| Problem statement |
Beginning with the line below that contains "by (auto simp: tuples_def nth_append)" and ending with the line that contains "by (auto simp: inj_on_def tuples_def)", copy every line exactly. Copy nothing else.

Records from a data source

(* In generalized non-signalling theory (box world), let $X$ and $Y$ be systems (each consisting of one or more boxes), let $M_X$ be a maximally informative measurement on $X$ and $M_Y$ a maximally informative measurement on $Y$. Then the product measurement $M_X\otimes M_Y$ is a maximally informative measurement on the composite system $XY$.
   Context: Box world (GNST): a box has a finite set of inputs and outputs. A system of $n$ boxes has states given by all collections $p(\mathbf{a}|\mathbf{x})\ge0$ (output tuple $\mathbf{a}$, input tuple $\mathbf{x}$) that are normalized ($\sum_{\mathbf{a}}p(\mathbf{a}|\mathbf{x})=1$ for all $\mathbf{x}$) and no-signalling (for each $i$, $\sum_{a_i}p(\mathbf{a}|\mathbf{x})$ is independent of $x_i$). An effect is any linear map $\mu$ from states to $[0,1]$; a vector $\mathbf{R}$ indexed by $(\mathbf{a},\mathbf{x})$ represents $\mu$ if $\mu(\mathbf{p})=\sum p(\mathbf{a}|\mathbf{x})R(\mathbf{a}|\mathbf{x})$ for all states. A measurement is a finite set $\{(r,\mu_r)\}$ of effects summing to the constant map $1$. If $M_X$ has effects $\mu_r$ represented by $\mathbf{R}_r$ and $M_Y$ has effects $\nu_s$ represented by $\mathbf{S}_s$, then $M_X\otimes M_Y$ is the measurement on $XY$ with outcomes $(r,s)$ and effects represented by the tensor products $\mathbf{R}_r\otimes\mathbf{S}_s$ (performing $M_X$ on $X$ and $M_Y$ on $Y$ independently). A measurement $N=\{(s,\nu_s)\}$ refines $M=\{(r,\mu_r)\}$ if the outcomes of $N$ can be partitioned into sets $P_r$ with $\mu_r=\sum_{s\in P_r}\nu_s$; the refinement is trivial if $\nu_s\propto\mu_r$ whenever $s\in P_r$. A measurement is maximally informative if it has no non-trivial refinement. *)

theory Defs
  imports Complex_Main
begin

(* A system of boxes: list of boxes, box i = (number of inputs, number of outputs);
   inputs of box i are {0..<fst(sys!i)}, outputs {0..<snd(sys!i)}.
   Composite system XY = X @ Y. *)
type_synonym system = "(nat \<times> nat) list"

(* Vectors indexed by (output tuple a, input tuple x); states p a x = p(a|x). *)
type_synonym vec = "nat list \<Rightarrow> nat list \<Rightarrow> real"

definition inputs :: "system \<Rightarrow> nat list set" where
  "inputs sys = {x. length x = length sys \<and> (\<forall>i<length sys. x ! i < fst (sys ! i))}"

definition outputs :: "system \<Rightarrow> nat list set" where
  "outputs sys = {a. length a = length sys \<and> (\<forall>i<length sys. a ! i < snd (sys ! i))}"

definition index_set :: "system \<Rightarrow> (nat list \<times> nat list) set" where
  "index_set sys = outputs sys \<times> inputs sys"

definition states :: "system \<Rightarrow> vec set" where
  "states sys = {p.
     (\<forall>a\<in>outputs sys. \<forall>x\<in>inputs sys. 0 \<le> p a x) \<and>
     (\<forall>x\<in>inputs sys. (\<Sum>a\<in>outputs sys. p a x) = 1) \<and>
     (\<forall>i<length sys. \<forall>a\<in>outputs sys. \<forall>x\<in>inputs sys. \<forall>x'\<in>inputs sys.
        (\<forall>j. j \<noteq> i \<longrightarrow> x ! j = x' ! j) \<longrightarrow>
        (\<Sum>b<snd (sys ! i). p (a[i := b]) x) = (\<Sum>b<snd (sys ! i). p (a[i := b]) x'))}"

definition pair :: "system \<Rightarrow> vec \<Rightarrow> vec \<Rightarrow> real" where
  "pair sys R p = (\<Sum>(a, x)\<in>index_set sys. p a x * R a x)"

definition represents :: "system \<Rightarrow> vec \<Rightarrow> (vec \<Rightarrow> real) \<Rightarrow> bool" where
  "represents sys R \<mu> \<longleftrightarrow> (\<forall>p\<in>states sys. \<mu> p = pair sys R p)"

(* effect: linear map from states to [0,1] (linearity = representability by a vector) *)
definition is_effect :: "system \<Rightarrow> (vec \<Rightarrow> real) \<Rightarrow> bool" where
  "is_effect sys \<mu> \<longleftrightarrow> (\<exists>R. represents sys R \<mu>) \<and>
     (\<forall>p\<in>states sys. 0 \<le> \<mu> p \<and> \<mu> p \<le> 1)"

definition measurement :: "system \<Rightarrow> 'r set \<Rightarrow> ('r \<Rightarrow> vec \<Rightarrow> real) \<Rightarrow> bool" where
  "measurement sys Os \<mu> \<longleftrightarrow> finite Os \<and> (\<forall>r\<in>Os. is_effect sys (\<mu> r)) \<and>
     (\<forall>p\<in>states sys. (\<Sum>r\<in>Os. \<mu> r p) = 1)"

definition refines_via :: "system \<Rightarrow> 's set \<Rightarrow> ('s \<Rightarrow> vec \<Rightarrow> real) \<Rightarrow> ('s \<Rightarrow> 'r)
      \<Rightarrow> 'r set \<Rightarrow> ('r \<Rightarrow> vec \<Rightarrow> real) \<Rightarrow> bool" where
  "refines_via sys Ns \<nu> f Os \<mu> \<longleftrightarrow> (\<forall>s\<in>Ns. f s \<in> Os) \<and>
     (\<forall>r\<in>Os. \<forall>p\<in>states sys. \<mu> r p = (\<Sum>s\<in>{s\<in>Ns. f s = r}. \<nu> s p))"

definition trivial_refinement :: "system \<Rightarrow> 's set \<Rightarrow> ('s \<Rightarrow> vec \<Rightarrow> real) \<Rightarrow> ('s \<Rightarrow> 'r)
      \<Rightarrow> ('r \<Rightarrow> vec \<Rightarrow> real) \<Rightarrow> bool" where
  "trivial_refinement sys Ns \<nu> f \<mu> \<longleftrightarrow>
     (\<forall>s\<in>Ns. \<exists>c::real. \<forall>p\<in>states sys. \<nu> s p = c * \<mu> (f s) p)"

(* refining measurements are taken with outcomes labelled by naturals (w.l.o.g.,
   any finite outcome set can be relabelled) *)
definition max_informative :: "system \<Rightarrow> 'r set \<Rightarrow> ('r \<Rightarrow> vec \<Rightarrow> real) \<Rightarrow> bool" where
  "max_informative sys Os \<mu> \<longleftrightarrow> measurement sys Os \<mu> \<and>
     (\<forall>(Ns::nat set) \<nu> f. measurement sys Ns \<nu> \<and> refines_via sys Ns \<nu> f Os \<mu> \<longrightarrow>
        trivial_refinement sys Ns \<nu> f \<mu>)"

definition tensor :: "system \<Rightarrow> vec \<Rightarrow> vec \<Rightarrow> vec" where
  "tensor X R S = (\<lambda>a x. R (take (length X) a) (take (length X) x) *
                         S (drop (length X) a) (drop (length X) x))"

definition prod_meas_effects :: "system \<Rightarrow> system \<Rightarrow> ('r \<Rightarrow> vec) \<Rightarrow> ('s \<Rightarrow> vec)
      \<Rightarrow> ('r \<times> 's) \<Rightarrow> vec \<Rightarrow> real" where
  "prod_meas_effects X Y R S = (\<lambda>(r, s) p. pair (X @ Y) (tensor X (R r) (S s)) p)"

end

theory Submission
  imports Defs
begin

text \<open>
  Product states \<open>p \<otimes> q\<close> span the state space of \<open>XY\<close>, so a linear functional on it is
  determined by its values on them. Let \<open>\<phi>\<close> be an effect of a refinement of \<open>M\<^sub>X \<otimes> M\<^sub>Y\<close>
  lying below \<open>\<mu>\<^sub>r \<otimes> \<nu>\<^sub>s\<close>. For fixed \<open>q\<close>, \<open>p \<mapsto> \<phi>(p \<otimes> q)\<close> is an effect on \<open>X\<close>
  below \<open>\<mu>\<^sub>r\<close>; splitting it off the outcome \<open>r\<close> refines \<open>M\<^sub>X\<close>, so by maximality it is
  proportional to \<open>\<mu>\<^sub>r\<close>, and symmetrically in \<open>q\<close>. Hence \<open>\<phi> = c (\<mu>\<^sub>r \<otimes> \<nu>\<^sub>s)\<close> on
  product states, and therefore on all states.
\<close>

definition tuples :: "((nat \<times> nat) \<Rightarrow> nat) \<Rightarrow> system \<Rightarrow> nat list set" where
  "tuples f sys = {a. length a = length sys \<and> (\<forall>i<length sys. a ! i < f (sys ! i))}"

lemma outputs_eq_tuples: "outputs sys = tuples snd sys"
  by (simp add: outputs_def tuples_def)

lemma inputs_eq_tuples: "inputs sys = tuples fst sys"
  by (simp add: inputs_def tuples_def)

lemma finite_tuples: "finite (tuples f sys)"
proof -
  let ?A = "\<Union>i<length sys. {..<f (sys ! i)}"
  have "tuples f sys \<subseteq> {xs. set xs \<subseteq> ?A \<and> length xs = length sys}"
    by (auto simp: tuples_def in_set_conv_nth; blast)
  moreover have "finite {xs. set xs \<subseteq> ?A \<and> length xs = length sys}"
    by (rule finite_lists_length_eq) auto
  ultimately show ?thesis
    by (rule finite_subset)
qed

lemma finite_outputs [simp]: "finite (outputs sys)"
  by (simp add: outputs_eq_tuples finite_tuples)

lemma finite_inputs [simp]: "finite (inputs sys)"
  by (simp add: inputs_eq_tuples finite_tuples)

lemma length_outputs: "a \<in> outputs sys \<Longrightarrow> length a = length sys"
  by (simp add: outputs_def)

lemma length_inputs: "x \<in> inputs sys \<Longrightarrow> length x = length sys"
  by (simp add: inputs_def)

lemma append_in_tuples: "a \<in> tuples f X \<Longrightarrow> b \<in> tuples f Y \<Longrightarrow> a @ b \<in> tuples f (X @ Y)"
  by (auto simp: tuples_def nth_append)

lemma take_drop_in_tuples:
  assumes c: "c \<in> tuples f (X @ Y)"
  shows "take (length X) c \<in> tuples f X" and "drop (length X) c \<in> tuples f Y"
proof -
  have len: "length c = length X + length Y"
    and bound: "\<And>i. i < length X + length Y \<Longrightarrow> c ! i < f ((X @ Y) ! i)"
    using c by (auto simp: tuples_def)
  have "take (length X) c ! i < f (X ! i)" if "i < length X" for i
    using bound[of i] that by (simp add: nth_append)
  then show "take (length X) c \<in> tuples f X"
    using len by (simp add: tuples_def)
  have "drop (length X) c ! i < f (Y ! i)" if "i < length Y" for i
    using bound[of "length X + i"] that len by (simp add: nth_append)
  then show "drop (length X) c \<in> tuples f Y"
    using len by (simp add: tuples_def)
qed

lemma tuples_append: "tuples f (X @ Y) = (\<lambda>(a, b). a @ b) ` (tuples f X \<times> tuples f Y)"
proof
  show "tuples f (X @ Y) \<subseteq> (\<lambda>(a, b). a @ b) ` (tuples f X \<times> tuples f Y)"
  proof
    fix c assume c: "c \<in> tuples f (X @ Y)"
    have "c = (\<lambda>(a, b). a @ b) (take (length X) c, drop (length X) c)"
      by simp
    then show "c \<in> (\<lambda>(a, b). a @ b) ` (tuples f X \<times> tuples f Y)"
      using take_drop_in_tuples[OF c] by blast
  qed
qed (auto intro: append_in_tuples)

lemma sum_tuples_append:
  "(\<Sum>c\<in>tuples f (X @ Y). g c) = (\<Sum>a\<in>tuples f X. \<Sum>b\<in>tuples f Y. g (a @ b))"
proof -
  have "inj_on (\<lambda>(a, b). a @ b) (tuples f X \<times> tuples f Y)"
    by (auto simp: inj_on_def tuples_def)
  then have "sum g (tuples f (X @ Y)) = (\<Sum>(a, b)\<in>tuples f X \<times> tuples f Y. g (a @ b))"
    by (simp add: tuples_append sum.reindex case_prod_unfold)
  then show ?thesis
    by (simp add: sum.cartesian_product)
qed

lemma sum_outputs_append:
  "(\<Sum>c\<in>outputs (X @ Y). g c) = (\<Sum>a\<in>outputs X. \<Sum>b\<in>outputs Y. g (a @ b))"
  by (simp add: outputs_eq_tuples sum_tuples_append)

lemma sum_inputs_append:
  "(\<Sum>c\<in>inputs (X @ Y). g c) = (\<Sum>a\<in>inputs X. \<Sum>b\<in>inputs Y. g (a @ b))"
  by (simp add: inputs_eq_tuples sum_tuples_append)

lemma append_in_outputs: "a \<in> outputs X \<Longrightarrow> b \<in> outputs Y \<Longrightarrow> a @ b \<in> outputs (X @ Y)"
  by (simp add: outputs_eq_tuples append_in_tuples)

lemma append_in_inputs: "x \<in> inputs X \<Longrightarrow> y \<in> inputs Y \<Longrightarrow> x @ y \<in> inputs (X @ Y)"
  by (simp add: inputs_eq_tuples append_in_tuples)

| Answer section |
  by (auto simp: tuples_def nth_append)

lemma take_drop_in_tuples:
  assumes c: "c \<in> tuples f (X @ Y)"
  shows "take (length X) c \<in> tuples f X" and "drop (length X) c \<in> tuples f Y"
proof -
  have len: "length c = length X + length Y"
    and bound: "\<And>i. i < length X + length Y \<Longrightarrow> c ! i < f ((X @ Y) ! i)"
    using c by (auto simp: tuples_def)
  have "take (length X) c ! i < f (X ! i)" if "i < length X" for i
    using bound[of i] that by (simp add: nth_append)
  then show "take (length X) c \<in> tuples f X"
    using len by (simp add: tuples_def)
  have "drop (length X) c ! i < f (Y ! i)" if "i < length Y" for i
    using bound[of "length X + i"] that len by (simp add: nth_append)
  then show "drop (length X) c \<in> tuples f Y"
    using len by (simp add: tuples_def)
qed

lemma tuples_append: "tuples f (X @ Y) = (\<lambda>(a, b). a @ b) ` (tuples f X \<times> tuples f Y)"
proof
  show "tuples f (X @ Y) \<subseteq> (\<lambda>(a, b). a @ b) ` (tuples f X \<times> tuples f Y)"
  proof
    fix c assume c: "c \<in> tuples f (X @ Y)"
    have "c = (\<lambda>(a, b). a @ b) (take (length X) c, drop (length X) c)"
      by simp
    then show "c \<in> (\<lambda>(a, b). a @ b) ` (tuples f X \<times> tuples f Y)"
      using take_drop_in_tuples[OF c] by blast
  qed
qed (auto intro: append_in_tuples)

lemma sum_tuples_append:
  "(\<Sum>c\<in>tuples f (X @ Y). g c) = (\<Sum>a\<in>tuples f X. \<Sum>b\<in>tuples f Y. g (a @ b))"
proof -
  have "inj_on (\<lambda>(a, b). a @ b) (tuples f X \<times> tuples f Y)"
    by (auto simp: inj_on_def tuples_def)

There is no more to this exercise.